- Records from a data source:
◆ ◆ ◆

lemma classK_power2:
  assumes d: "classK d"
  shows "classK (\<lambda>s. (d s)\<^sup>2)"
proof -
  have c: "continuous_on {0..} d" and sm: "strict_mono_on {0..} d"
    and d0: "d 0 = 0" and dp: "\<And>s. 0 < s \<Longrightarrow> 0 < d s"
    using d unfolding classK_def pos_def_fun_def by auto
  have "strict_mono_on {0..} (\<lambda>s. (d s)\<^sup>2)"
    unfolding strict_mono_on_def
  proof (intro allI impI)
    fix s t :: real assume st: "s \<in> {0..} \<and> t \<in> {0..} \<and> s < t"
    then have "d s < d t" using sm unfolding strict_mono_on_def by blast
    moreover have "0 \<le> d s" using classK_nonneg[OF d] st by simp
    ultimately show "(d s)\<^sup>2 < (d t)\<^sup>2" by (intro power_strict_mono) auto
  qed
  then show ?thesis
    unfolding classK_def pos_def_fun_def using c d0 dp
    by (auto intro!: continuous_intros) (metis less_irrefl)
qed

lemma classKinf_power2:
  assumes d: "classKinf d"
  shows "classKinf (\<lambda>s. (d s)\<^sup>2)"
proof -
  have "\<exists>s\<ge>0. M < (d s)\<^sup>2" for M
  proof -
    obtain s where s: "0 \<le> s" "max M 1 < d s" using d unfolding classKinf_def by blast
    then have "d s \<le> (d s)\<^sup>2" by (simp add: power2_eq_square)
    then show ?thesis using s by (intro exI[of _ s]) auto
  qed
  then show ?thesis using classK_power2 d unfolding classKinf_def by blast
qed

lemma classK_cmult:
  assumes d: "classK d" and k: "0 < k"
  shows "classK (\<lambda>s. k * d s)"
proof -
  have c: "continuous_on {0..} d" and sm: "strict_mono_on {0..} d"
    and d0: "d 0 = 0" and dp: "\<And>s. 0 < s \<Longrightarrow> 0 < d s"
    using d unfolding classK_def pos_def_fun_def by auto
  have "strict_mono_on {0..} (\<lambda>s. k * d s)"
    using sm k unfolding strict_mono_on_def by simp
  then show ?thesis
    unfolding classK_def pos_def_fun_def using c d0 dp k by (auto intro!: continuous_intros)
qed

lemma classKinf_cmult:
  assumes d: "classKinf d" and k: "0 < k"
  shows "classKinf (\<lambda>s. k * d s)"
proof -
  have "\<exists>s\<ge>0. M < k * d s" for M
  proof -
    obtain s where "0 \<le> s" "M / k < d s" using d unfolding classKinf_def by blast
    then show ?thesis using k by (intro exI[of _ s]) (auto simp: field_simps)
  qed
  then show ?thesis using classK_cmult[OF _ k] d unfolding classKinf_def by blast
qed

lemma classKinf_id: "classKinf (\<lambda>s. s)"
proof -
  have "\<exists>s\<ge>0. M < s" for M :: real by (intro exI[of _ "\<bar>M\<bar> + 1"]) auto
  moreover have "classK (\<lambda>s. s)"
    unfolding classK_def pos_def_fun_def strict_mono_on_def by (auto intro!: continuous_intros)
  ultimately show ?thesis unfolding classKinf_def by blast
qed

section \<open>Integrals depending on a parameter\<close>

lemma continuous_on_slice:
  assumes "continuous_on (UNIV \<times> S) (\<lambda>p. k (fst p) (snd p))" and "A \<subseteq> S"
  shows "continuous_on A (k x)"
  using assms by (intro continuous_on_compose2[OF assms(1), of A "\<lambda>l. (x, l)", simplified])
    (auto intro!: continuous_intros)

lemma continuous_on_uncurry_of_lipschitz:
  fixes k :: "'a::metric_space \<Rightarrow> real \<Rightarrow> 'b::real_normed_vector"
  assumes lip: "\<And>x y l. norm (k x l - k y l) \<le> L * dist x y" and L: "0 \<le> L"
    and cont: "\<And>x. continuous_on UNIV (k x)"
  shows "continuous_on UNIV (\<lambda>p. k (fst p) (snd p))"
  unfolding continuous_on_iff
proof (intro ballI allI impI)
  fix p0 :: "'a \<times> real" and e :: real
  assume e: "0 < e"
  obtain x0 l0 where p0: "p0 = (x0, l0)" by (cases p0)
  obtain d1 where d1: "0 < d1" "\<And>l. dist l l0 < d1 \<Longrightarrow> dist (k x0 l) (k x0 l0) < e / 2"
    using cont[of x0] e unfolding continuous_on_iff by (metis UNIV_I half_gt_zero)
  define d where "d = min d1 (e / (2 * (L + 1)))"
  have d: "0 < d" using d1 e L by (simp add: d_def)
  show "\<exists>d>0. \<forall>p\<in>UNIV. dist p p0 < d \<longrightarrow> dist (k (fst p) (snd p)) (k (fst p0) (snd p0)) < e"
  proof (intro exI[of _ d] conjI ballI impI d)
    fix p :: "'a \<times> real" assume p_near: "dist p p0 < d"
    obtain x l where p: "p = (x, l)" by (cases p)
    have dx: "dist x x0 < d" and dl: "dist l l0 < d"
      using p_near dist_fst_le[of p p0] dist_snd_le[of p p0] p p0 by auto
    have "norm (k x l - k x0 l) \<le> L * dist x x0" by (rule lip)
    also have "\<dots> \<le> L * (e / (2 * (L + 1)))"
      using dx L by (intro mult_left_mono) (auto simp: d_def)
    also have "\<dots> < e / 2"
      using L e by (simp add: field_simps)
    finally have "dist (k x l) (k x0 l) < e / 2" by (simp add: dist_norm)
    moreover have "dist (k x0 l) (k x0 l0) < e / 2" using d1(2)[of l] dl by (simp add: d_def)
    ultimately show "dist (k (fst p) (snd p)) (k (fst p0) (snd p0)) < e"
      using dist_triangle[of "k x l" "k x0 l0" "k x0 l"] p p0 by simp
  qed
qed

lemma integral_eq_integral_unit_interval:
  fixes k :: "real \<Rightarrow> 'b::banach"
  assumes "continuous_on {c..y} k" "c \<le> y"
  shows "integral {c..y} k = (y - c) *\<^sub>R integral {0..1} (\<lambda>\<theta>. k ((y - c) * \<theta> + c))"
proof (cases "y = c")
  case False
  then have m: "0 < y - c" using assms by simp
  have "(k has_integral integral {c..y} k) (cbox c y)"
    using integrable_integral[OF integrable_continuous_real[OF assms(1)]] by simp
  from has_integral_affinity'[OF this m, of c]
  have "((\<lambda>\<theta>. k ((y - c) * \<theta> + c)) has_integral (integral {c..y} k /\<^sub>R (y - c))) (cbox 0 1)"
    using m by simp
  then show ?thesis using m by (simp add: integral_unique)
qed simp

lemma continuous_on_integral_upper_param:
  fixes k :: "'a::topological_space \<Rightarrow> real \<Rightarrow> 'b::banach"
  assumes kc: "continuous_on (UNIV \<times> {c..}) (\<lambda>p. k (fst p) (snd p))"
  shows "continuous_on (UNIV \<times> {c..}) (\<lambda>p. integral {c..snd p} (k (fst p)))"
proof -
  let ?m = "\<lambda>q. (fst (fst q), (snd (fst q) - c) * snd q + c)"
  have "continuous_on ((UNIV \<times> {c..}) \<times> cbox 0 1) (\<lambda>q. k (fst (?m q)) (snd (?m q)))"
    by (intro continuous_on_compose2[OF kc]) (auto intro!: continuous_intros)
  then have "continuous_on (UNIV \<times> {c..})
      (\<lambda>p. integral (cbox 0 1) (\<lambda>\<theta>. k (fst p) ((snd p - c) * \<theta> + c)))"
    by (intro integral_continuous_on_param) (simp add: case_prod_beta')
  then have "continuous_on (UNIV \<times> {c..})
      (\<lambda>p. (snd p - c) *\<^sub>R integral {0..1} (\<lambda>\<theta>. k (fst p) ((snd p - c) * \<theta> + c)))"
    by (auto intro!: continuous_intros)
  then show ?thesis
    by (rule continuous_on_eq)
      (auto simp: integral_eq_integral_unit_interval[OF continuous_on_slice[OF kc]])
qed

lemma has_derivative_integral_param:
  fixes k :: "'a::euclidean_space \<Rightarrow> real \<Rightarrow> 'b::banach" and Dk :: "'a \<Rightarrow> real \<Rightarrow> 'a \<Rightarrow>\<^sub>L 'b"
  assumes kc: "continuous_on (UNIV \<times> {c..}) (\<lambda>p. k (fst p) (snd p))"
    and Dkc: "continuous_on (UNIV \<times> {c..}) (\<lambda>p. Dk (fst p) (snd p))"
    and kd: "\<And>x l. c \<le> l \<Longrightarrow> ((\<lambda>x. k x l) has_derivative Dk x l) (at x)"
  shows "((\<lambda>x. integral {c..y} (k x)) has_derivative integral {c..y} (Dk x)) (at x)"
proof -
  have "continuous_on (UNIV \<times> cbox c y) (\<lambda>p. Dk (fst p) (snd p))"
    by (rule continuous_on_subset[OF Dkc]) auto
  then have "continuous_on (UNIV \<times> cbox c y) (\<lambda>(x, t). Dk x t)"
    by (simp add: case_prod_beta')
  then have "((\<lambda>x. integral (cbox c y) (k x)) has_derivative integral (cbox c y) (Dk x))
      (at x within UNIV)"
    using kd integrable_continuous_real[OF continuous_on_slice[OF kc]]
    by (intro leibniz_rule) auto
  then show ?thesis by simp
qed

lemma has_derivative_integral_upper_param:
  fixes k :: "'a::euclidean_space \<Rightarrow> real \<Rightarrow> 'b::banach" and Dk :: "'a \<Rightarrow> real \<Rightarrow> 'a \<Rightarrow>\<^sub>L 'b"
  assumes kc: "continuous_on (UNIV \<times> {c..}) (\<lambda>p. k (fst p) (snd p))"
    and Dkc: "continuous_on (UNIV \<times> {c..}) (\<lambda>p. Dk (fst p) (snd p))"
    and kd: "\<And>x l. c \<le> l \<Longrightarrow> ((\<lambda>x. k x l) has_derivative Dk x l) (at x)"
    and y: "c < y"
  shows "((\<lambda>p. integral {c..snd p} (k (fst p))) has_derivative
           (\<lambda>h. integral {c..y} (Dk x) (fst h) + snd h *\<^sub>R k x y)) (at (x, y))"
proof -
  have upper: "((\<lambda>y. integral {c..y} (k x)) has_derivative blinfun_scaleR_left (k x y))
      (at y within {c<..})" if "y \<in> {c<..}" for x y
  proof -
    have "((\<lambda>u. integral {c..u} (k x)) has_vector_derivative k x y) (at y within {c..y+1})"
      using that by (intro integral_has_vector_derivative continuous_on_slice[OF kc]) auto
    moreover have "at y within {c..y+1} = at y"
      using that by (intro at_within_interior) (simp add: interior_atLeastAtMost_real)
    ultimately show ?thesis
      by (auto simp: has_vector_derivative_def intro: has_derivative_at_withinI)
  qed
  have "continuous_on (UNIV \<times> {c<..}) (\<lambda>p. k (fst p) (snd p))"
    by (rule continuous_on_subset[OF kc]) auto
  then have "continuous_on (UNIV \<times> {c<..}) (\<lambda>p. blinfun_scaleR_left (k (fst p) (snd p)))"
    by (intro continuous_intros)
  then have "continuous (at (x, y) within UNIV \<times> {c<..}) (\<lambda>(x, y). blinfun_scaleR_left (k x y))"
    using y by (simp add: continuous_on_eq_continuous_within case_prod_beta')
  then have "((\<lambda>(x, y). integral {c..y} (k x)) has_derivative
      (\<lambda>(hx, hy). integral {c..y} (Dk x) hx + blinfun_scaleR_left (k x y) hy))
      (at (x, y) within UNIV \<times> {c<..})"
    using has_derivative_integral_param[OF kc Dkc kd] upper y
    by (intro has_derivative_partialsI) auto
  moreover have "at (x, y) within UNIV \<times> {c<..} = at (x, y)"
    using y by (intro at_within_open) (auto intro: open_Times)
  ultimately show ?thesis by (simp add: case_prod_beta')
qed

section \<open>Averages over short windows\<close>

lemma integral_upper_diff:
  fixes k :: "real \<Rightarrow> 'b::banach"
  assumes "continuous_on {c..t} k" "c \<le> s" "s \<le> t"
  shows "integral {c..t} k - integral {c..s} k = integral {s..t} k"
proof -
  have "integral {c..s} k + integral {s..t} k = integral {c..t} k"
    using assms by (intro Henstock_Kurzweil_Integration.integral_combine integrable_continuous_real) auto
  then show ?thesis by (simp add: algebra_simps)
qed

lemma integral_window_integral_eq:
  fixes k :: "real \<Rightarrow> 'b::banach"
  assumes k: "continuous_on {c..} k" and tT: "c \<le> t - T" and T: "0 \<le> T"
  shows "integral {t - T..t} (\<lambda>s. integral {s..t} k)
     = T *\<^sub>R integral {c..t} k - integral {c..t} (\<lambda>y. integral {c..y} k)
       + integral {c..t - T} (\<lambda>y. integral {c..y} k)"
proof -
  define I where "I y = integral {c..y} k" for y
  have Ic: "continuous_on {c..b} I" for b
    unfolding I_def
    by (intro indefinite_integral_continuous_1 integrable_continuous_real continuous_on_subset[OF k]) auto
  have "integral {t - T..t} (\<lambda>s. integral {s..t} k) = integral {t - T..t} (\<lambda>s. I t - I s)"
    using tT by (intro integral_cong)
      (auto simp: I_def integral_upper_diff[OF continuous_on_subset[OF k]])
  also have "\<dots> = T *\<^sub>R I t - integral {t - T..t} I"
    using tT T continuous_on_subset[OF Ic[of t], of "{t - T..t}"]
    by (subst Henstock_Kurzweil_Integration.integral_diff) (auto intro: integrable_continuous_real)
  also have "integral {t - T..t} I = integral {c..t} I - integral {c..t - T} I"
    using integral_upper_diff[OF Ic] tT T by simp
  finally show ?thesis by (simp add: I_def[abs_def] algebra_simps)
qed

◆ ◆ ◆

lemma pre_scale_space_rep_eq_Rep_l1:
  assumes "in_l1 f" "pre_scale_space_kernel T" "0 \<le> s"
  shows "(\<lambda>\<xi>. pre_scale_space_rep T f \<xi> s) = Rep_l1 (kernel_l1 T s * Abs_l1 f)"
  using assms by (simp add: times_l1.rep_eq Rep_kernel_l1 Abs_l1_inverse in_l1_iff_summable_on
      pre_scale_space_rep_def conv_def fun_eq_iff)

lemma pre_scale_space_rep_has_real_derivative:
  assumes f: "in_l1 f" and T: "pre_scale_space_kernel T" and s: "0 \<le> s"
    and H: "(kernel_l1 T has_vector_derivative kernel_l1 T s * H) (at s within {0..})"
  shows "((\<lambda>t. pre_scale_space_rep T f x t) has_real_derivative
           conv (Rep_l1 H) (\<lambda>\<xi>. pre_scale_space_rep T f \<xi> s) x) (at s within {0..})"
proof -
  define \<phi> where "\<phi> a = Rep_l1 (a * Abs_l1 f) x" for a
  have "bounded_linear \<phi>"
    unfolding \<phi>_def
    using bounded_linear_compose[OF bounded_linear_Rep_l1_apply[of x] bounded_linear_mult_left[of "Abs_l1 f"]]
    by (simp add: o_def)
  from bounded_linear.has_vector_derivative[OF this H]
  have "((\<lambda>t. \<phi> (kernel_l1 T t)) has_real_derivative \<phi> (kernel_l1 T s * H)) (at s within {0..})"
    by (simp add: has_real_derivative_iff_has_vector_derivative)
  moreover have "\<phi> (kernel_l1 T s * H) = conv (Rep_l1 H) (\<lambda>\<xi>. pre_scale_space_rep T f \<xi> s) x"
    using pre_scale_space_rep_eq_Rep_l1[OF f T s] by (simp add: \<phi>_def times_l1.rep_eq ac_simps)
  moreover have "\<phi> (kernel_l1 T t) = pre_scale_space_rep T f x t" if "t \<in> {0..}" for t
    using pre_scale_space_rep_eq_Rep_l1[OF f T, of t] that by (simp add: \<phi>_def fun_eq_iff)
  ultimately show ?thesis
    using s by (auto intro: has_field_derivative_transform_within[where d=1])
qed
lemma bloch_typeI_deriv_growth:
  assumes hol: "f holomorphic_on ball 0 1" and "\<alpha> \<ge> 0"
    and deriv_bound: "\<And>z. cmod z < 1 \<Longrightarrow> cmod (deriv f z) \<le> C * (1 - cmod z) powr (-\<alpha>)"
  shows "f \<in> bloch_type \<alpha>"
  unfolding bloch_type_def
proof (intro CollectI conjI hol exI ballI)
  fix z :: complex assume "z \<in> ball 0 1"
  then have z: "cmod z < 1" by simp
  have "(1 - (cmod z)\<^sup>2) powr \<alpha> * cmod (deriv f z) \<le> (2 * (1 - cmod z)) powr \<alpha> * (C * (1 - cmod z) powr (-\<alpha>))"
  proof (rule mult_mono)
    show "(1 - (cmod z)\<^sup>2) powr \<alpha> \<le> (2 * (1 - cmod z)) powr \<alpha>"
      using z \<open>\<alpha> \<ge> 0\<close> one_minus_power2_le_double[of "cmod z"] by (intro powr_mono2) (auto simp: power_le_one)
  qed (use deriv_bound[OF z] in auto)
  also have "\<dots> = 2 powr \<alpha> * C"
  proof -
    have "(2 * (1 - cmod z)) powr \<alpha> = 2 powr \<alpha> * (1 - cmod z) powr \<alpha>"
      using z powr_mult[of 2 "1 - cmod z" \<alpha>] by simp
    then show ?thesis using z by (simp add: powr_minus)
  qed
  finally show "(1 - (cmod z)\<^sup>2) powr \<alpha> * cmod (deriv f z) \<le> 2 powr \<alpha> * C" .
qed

◆ ◆ ◆

- EXERCISE INSTRUCTIONS: Find every line in the data above that holds the string "this". Give the number of such lines and nothing else.

- OUTPUT: 2